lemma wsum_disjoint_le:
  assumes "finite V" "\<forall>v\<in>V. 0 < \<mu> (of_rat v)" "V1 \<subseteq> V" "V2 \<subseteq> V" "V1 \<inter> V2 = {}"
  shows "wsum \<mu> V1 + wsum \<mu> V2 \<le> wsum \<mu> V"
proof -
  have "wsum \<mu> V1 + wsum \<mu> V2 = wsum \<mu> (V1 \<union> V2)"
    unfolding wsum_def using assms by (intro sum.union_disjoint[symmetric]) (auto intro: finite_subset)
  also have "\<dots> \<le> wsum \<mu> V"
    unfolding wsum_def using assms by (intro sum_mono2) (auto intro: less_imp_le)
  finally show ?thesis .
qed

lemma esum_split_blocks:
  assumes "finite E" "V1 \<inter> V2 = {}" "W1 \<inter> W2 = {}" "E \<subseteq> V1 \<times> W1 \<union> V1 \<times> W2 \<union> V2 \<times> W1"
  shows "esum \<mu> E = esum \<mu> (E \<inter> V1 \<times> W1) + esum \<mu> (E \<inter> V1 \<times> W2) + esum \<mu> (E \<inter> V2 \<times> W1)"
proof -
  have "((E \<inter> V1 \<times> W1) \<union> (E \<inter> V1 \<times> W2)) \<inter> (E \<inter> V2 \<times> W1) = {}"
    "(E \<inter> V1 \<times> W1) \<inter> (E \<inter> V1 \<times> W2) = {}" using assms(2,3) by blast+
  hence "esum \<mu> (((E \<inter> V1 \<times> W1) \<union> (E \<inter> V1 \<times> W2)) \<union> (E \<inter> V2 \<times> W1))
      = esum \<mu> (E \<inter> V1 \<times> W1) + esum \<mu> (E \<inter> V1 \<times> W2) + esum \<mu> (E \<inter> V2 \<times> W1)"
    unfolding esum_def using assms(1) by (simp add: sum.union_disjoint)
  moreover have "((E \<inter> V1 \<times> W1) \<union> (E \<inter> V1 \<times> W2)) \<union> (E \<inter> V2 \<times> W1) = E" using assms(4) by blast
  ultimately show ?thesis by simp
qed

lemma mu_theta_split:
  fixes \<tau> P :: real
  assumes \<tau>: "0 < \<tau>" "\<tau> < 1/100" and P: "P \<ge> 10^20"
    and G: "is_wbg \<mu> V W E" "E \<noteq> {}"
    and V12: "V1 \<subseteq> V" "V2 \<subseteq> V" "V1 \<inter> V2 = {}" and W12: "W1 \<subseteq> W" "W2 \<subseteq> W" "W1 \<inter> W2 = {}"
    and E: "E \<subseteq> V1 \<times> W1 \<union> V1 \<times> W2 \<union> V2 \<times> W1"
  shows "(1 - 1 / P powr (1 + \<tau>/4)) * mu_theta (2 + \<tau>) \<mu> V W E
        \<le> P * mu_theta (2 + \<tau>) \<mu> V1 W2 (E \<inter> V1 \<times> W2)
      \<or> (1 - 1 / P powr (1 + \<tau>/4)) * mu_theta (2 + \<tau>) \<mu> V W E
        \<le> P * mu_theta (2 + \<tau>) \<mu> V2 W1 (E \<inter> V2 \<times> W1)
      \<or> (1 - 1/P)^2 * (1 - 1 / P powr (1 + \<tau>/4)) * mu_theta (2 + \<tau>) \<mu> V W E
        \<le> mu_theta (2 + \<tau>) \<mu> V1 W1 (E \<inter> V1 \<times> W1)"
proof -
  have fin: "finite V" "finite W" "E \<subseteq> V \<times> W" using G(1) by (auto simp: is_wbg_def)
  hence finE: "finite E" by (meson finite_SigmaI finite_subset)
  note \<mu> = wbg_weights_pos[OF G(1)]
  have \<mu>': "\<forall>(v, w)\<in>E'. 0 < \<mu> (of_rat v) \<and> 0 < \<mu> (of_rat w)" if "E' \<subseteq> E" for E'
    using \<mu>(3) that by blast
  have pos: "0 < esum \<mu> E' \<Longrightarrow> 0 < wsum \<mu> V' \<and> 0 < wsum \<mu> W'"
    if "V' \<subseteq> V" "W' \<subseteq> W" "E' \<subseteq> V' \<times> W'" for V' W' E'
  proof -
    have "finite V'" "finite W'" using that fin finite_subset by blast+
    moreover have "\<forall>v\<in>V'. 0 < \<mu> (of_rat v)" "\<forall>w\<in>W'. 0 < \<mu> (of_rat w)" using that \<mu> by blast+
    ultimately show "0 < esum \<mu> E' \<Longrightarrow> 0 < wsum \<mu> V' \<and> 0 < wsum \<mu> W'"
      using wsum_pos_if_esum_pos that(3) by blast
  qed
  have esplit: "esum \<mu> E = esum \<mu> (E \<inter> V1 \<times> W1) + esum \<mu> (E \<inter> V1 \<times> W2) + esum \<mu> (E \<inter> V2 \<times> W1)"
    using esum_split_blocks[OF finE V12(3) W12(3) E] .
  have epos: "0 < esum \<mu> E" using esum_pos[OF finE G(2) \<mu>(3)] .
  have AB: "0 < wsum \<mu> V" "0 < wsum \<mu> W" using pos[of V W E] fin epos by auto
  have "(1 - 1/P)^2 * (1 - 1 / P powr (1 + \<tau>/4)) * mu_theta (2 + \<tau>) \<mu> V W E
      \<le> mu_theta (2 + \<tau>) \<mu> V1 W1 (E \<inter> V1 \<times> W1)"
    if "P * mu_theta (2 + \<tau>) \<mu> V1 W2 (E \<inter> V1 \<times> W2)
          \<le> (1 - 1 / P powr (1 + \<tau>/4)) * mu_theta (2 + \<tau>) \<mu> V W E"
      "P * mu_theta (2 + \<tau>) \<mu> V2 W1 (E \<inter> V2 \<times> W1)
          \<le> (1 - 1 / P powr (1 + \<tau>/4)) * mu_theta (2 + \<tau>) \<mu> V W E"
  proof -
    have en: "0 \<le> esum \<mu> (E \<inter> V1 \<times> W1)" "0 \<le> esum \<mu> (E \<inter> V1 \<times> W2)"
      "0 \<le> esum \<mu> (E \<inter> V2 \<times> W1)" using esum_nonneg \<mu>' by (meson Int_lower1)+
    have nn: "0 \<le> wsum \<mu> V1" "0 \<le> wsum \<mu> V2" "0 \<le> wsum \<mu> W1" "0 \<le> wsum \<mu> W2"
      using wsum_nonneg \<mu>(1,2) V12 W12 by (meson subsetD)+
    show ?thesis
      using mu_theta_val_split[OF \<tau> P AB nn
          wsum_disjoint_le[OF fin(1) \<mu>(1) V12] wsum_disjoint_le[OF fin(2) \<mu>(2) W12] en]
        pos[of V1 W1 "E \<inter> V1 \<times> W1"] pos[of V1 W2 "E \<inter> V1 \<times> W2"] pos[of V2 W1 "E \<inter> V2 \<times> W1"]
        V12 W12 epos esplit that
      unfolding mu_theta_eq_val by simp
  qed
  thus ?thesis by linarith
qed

#### [WHAT IS REQUIRED]
Return every line from the material that contains the word "meson".

#### [RESPONSE]
  hence finE: "finite E" by (meson finite_SigmaI finite_subset)
      "0 \<le> esum \<mu> (E \<inter> V2 \<times> W1)" using esum_nonneg \<mu>' by (meson Int_lower1)+
      using wsum_nonneg \<mu>(1,2) V12 W12 by (meson subsetD)+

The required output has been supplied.